Et c’est à travers cette critique du pouvoir que ce livre est, dans son ensemble, féministe. Naomi Alderman montre que le féminisme misandre n’est pas la solution, que changer le pouvoir de mains ne réglera pas le problème de l’oppression. Le totalitarisme reste un pouvoir à combattre et c’est par une vraie définition égalitaire que la société pourra évoluer. Finalement, en caricaturant un peu les dérives de l’oppression et du renversement du pouvoir, Naomi Alderman nous pousse discrètement à nous questionner sur l’essence du pouvoir et ses dérives. Plusieurs courants féministes sont d’ailleurs engagés dans la déconstruction du pouvoir au profit de tous : le féminisme n’est pas un moyen de piquer les parts de gâteaux aux hommes privilégiés mais plutôt de donner la possibilité à tous les êtres humains d’obtenir directement leurs propres gâteaux.
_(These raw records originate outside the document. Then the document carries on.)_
(* Let $\xi,\eta,\zeta\colon\mathbb{R}\times(-\infty,\infty]\to\mathbb{R}$ be multiplicity functions, each with finite support avoiding the diagonal $\Delta=\{(x_1,x_2):x_1=x_2\}$. Then: (positivity) $W_1^{\pm}(\xi,\eta)\ge0$, and $W_1^{\pm}(\xi,\eta)>0$ if and only if $\xi\ne\eta$; (symmetry) $W_1^{\pm}(\xi,\eta)=W_1^{\pm}(\eta,\xi)$; (triangle inequality) $W_1^{\pm}(\xi,\eta)+W_1^{\pm}(\eta,\zeta)\ge W_1^{\pm}(\xi,\zeta)$.
   Context: The support of $f$ is the set of points where $f\ne0$. For $x=(x_1,x_2),y=(y_1,y_2)\in\mathbb{R}\times(-\infty,\infty]$ let $\|x-y\|_1=|x_1-y_1|+|x_2-y_2|$ (with $|\infty-\infty|=0$ and $|\infty-a|=\infty$ for real $a$) and $\delta(x)=|x_2-x_1|$. For non-negative $\xi,\eta$ with finite supports, the $1$-Wasserstein distance is $W_1(\xi,\eta)=\inf_{T,X,Y}\big[\sum_{x,y}T(x,y)\|x-y\|_1+\sum_xX(x)\delta(x)+\sum_yY(y)\delta(y)\big]$ over $T\colon\mathrm{supp}\,\xi\times\mathrm{supp}\,\eta\to[0,\infty)$, $X\colon\mathrm{supp}\,\xi\to[0,\infty)$, $Y\colon\mathrm{supp}\,\eta\to[0,\infty)$ with $X(x)+\sum_{y}T(x,y)=\xi(x)$ and $Y(y)+\sum_xT(x,y)=\eta(y)$ for all $x\in\mathrm{supp}\,\xi$, $y\in\mathrm{supp}\,\eta$. For arbitrary $\xi=\xi^+-\xi^-$, $\eta=\eta^+-\eta^-$ with $\xi^\pm,\eta^\pm$ non-negative, the alternating $1$-Wasserstein distance is $W_1^{\pm}(\xi,\eta)=W_1(\xi^++\eta^-,\xi^-+\eta^+)$ (independent of the decomposition). Values $\infty$ are allowed (extended metric). *)

theory Defs
  imports "HOL-Analysis.Analysis" "HOL-Library.Extended_Real"
begin

text \<open>Points of R x (-infinity, infinity]: pairs (x1, x2) with x2 an extended real;
  the value -infinity is excluded by the support hypotheses below.\<close>
type_synonym pt = "real \<times> ereal"

definition supp :: "(pt \<Rightarrow> real) \<Rightarrow> pt set" where
  "supp f = {x. f x \<noteq> 0}"

text \<open>l1 distance with |inf - inf| = 0 and |inf - a| = inf.\<close>
definition dist1 :: "pt \<Rightarrow> pt \<Rightarrow> ereal" where
  "dist1 x y = ereal \<bar>fst x - fst y\<bar> +
     (if snd x = snd y then 0 else \<bar>snd x - snd y\<bar>)"

definition delta :: "pt \<Rightarrow> ereal" where
  "delta x = \<bar>snd x - ereal (fst x)\<bar>"
(* Let $n\geq 3$ and let $N=(V,A)$ be a proper binary level-1 network on $n$ leaves. Then $2n+1\leq |V|\leq 3n-2$ and $2n+1\leq |A|\leq 3.5(n-1)$. Moreover, if $n=3$ then $|V|=|A|=7$ (so all four bounds are attained) and $N$ is a simple network.
   Context: A leaf of a directed acyclic graph (DAG) is a vertex of in-degree 1 and out-degree 0. For a finite set $X$, a phylogenetic network on $X$ is a DAG (no loops, no multiple arcs) with a unique vertex $\rho_N$ (the root) of in-degree 0, which has out-degree at least 2, whose set of leaves is $X$, and in which every vertex other than the root and the leaves is either a split vertex (in-degree 1, out-degree $\geq 2$) or a hybrid vertex (in-degree $\geq 2$, out-degree $\geq 1$). It is binary if the root and all split vertices have out-degree 2 and every hybrid vertex has in-degree 2 and out-degree 1. $U(N)$ denotes the underlying undirected graph. A binary level-1 network is a binary phylogenetic network in which every biconnected component of $U(N)$ contains at most one hybrid vertex; by standing convention every cycle of $U(N)$ has at least four vertices. A gall of a level-1 network is a biconnected component of $U(N)$ with more than one edge (with the arc directions of $N$). A level-1 network is proper if it has at least one hybrid vertex (equivalently at least one gall). A binary level-1 network is simple if it has exactly one gall and every leaf is adjacent to a vertex of that gall. *)

theory Defs
  imports Complex_Main
begin

text \<open>A directed graph is given by a vertex set V and an arc set A \<subseteq> V \<times> V
  (a set of pairs, so there are no multiple arcs).\<close>

definition indeg :: "('a \<times> 'a) set \<Rightarrow> 'a \<Rightarrow> nat" where
  "indeg A v = card {u. (u, v) \<in> A}"

definition outdeg :: "('a \<times> 'a) set \<Rightarrow> 'a \<Rightarrow> nat" where
  "outdeg A v = card {w. (v, w) \<in> A}"

definition dag :: "'a set \<Rightarrow> ('a \<times> 'a) set \<Rightarrow> bool" where
  "dag V A \<longleftrightarrow> finite V \<and> A \<subseteq> V \<times> V \<and> (\<forall>v. (v, v) \<notin> A\<^sup>+)"

definition leaves :: "'a set \<Rightarrow> ('a \<times> 'a) set \<Rightarrow> 'a set" where
  "leaves V A = {v \<in> V. indeg A v = 1 \<and> outdeg A v = 0}"

definition is_root :: "'a set \<Rightarrow> ('a \<times> 'a) set \<Rightarrow> 'a \<Rightarrow> bool" where
  "is_root V A r \<longleftrightarrow> r \<in> V \<and> indeg A r = 0"

definition split_vertex :: "('a \<times> 'a) set \<Rightarrow> 'a \<Rightarrow> bool" where
  "split_vertex A v \<longleftrightarrow> indeg A v = 1 \<and> outdeg A v \<ge> 2"

definition hybrid_vertex :: "('a \<times> 'a) set \<Rightarrow> 'a \<Rightarrow> bool" where
  "hybrid_vertex A v \<longleftrightarrow> indeg A v \<ge> 2 \<and> outdeg A v \<ge> 1"

definition phylo_network :: "'a set \<Rightarrow> ('a \<times> 'a) set \<Rightarrow> 'a set \<Rightarrow> bool" where
  "phylo_network V A X \<longleftrightarrow>
     dag V A \<and>
     (\<exists>!r. is_root V A r) \<and>
     (\<forall>r. is_root V A r \<longrightarrow> outdeg A r \<ge> 2) \<and>
     leaves V A = X \<and>
     (\<forall>v\<in>V. is_root V A v \<or> v \<in> X \<or> split_vertex A v \<or> hybrid_vertex A v)"

definition binary_network :: "'a set \<Rightarrow> ('a \<times> 'a) set \<Rightarrow> 'a set \<Rightarrow> bool" where
  "binary_network V A X \<longleftrightarrow>
     phylo_network V A X \<and>
     (\<forall>v\<in>V. (is_root V A v \<longrightarrow> outdeg A v = 2) \<and>
             (split_vertex A v \<longrightarrow> outdeg A v = 2) \<and>
             (hybrid_vertex A v \<longrightarrow> indeg A v = 2 \<and> outdeg A v = 1))"

definition uedges_on :: "('a \<times> 'a) set \<Rightarrow> 'a set \<Rightarrow> ('a \<times> 'a) set" where
  "uedges_on A S = {(u, v). u \<in> S \<and> v \<in> S \<and> ((u, v) \<in> A \<or> (v, u) \<in> A)}"

definition uconnected_on :: "('a \<times> 'a) set \<Rightarrow> 'a set \<Rightarrow> bool" where
  "uconnected_on A S \<longleftrightarrow> S \<noteq> {} \<and> (\<forall>u\<in>S. \<forall>v\<in>S. (u, v) \<in> (uedges_on A S)\<^sup>*)"

text \<open>A vertex set S spans a biconnected (induced) subgraph of U(N): at least two
  vertices, connected, and it stays connected after deleting any single vertex
  (so a single edge counts as biconnected).\<close>
definition ubiconnected :: "'a set \<Rightarrow> ('a \<times> 'a) set \<Rightarrow> 'a set \<Rightarrow> bool" where
  "ubiconnected V A S \<longleftrightarrow> S \<subseteq> V \<and> finite S \<and> card S \<ge> 2 \<and> uconnected_on A S \<and>
     (\<forall>x\<in>S. uconnected_on A (S - {x}))"

text \<open>Biconnected components (blocks) of U(N): maximal biconnected subgraphs
  (which are induced, hence determined by their vertex sets).\<close>
definition bicomponent :: "'a set \<Rightarrow> ('a \<times> 'a) set \<Rightarrow> 'a set \<Rightarrow> bool" where
  "bicomponent V A S \<longleftrightarrow> ubiconnected V A S \<and>
     (\<forall>T. ubiconnected V A T \<and> S \<subseteq> T \<longrightarrow> T = S)"

text \<open>No cycle of U(N) with fewer than four vertices, i.e. no triangle
  (U(N) is a simple graph, so cycles have at least three vertices).\<close>
definition no_short_cycle :: "('a \<times> 'a) set \<Rightarrow> bool" where
  "no_short_cycle A \<longleftrightarrow>
     \<not> (\<exists>a b c. a \<noteq> b \<and> b \<noteq> c \<and> a \<noteq> c \<and>
        (a, b) \<in> uedges_on A UNIV \<and> (b, c) \<in> uedges_on A UNIV \<and> (a, c) \<in> uedges_on A UNIV)"

definition binary_level1 :: "'a set \<Rightarrow> ('a \<times> 'a) set \<Rightarrow> 'a set \<Rightarrow> bool" where
  "binary_level1 V A X \<longleftrightarrow>
     binary_network V A X \<and>
     (\<forall>S. bicomponent V A S \<longrightarrow> card {v \<in> S. hybrid_vertex A v} \<le> 1) \<and>
     no_short_cycle A"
Il y a encore énormément de choses à dire sur ce livre, mon exemplaire est truffé d’annotations et de post-it mais, en même temps, on peut tout aussi bien se contenter de résumer l’impact de l’ouvrage à la nécessité de questionner le pouvoir et son abus.

À tous les lecteurs déçus parce qu’ils pensaient que le féminisme serait premier degré, je ne peux que rappeler que le but d’un roman d’anticipation n’est pas de toucher du doigt un monde parfait, puisque chaque utopie a dans tous les cas ses dérives. Si Le Pouvoir est un roman assez facile et caricatural par moment, il a le mérite de faire réfléchir et de pousser à faire quelques recherches sur les notions de pouvoir et d’oppression. Et il me donne envie de lire les essais de Simone Weil même si la complexité de la philosophie m’a toujours effrayée.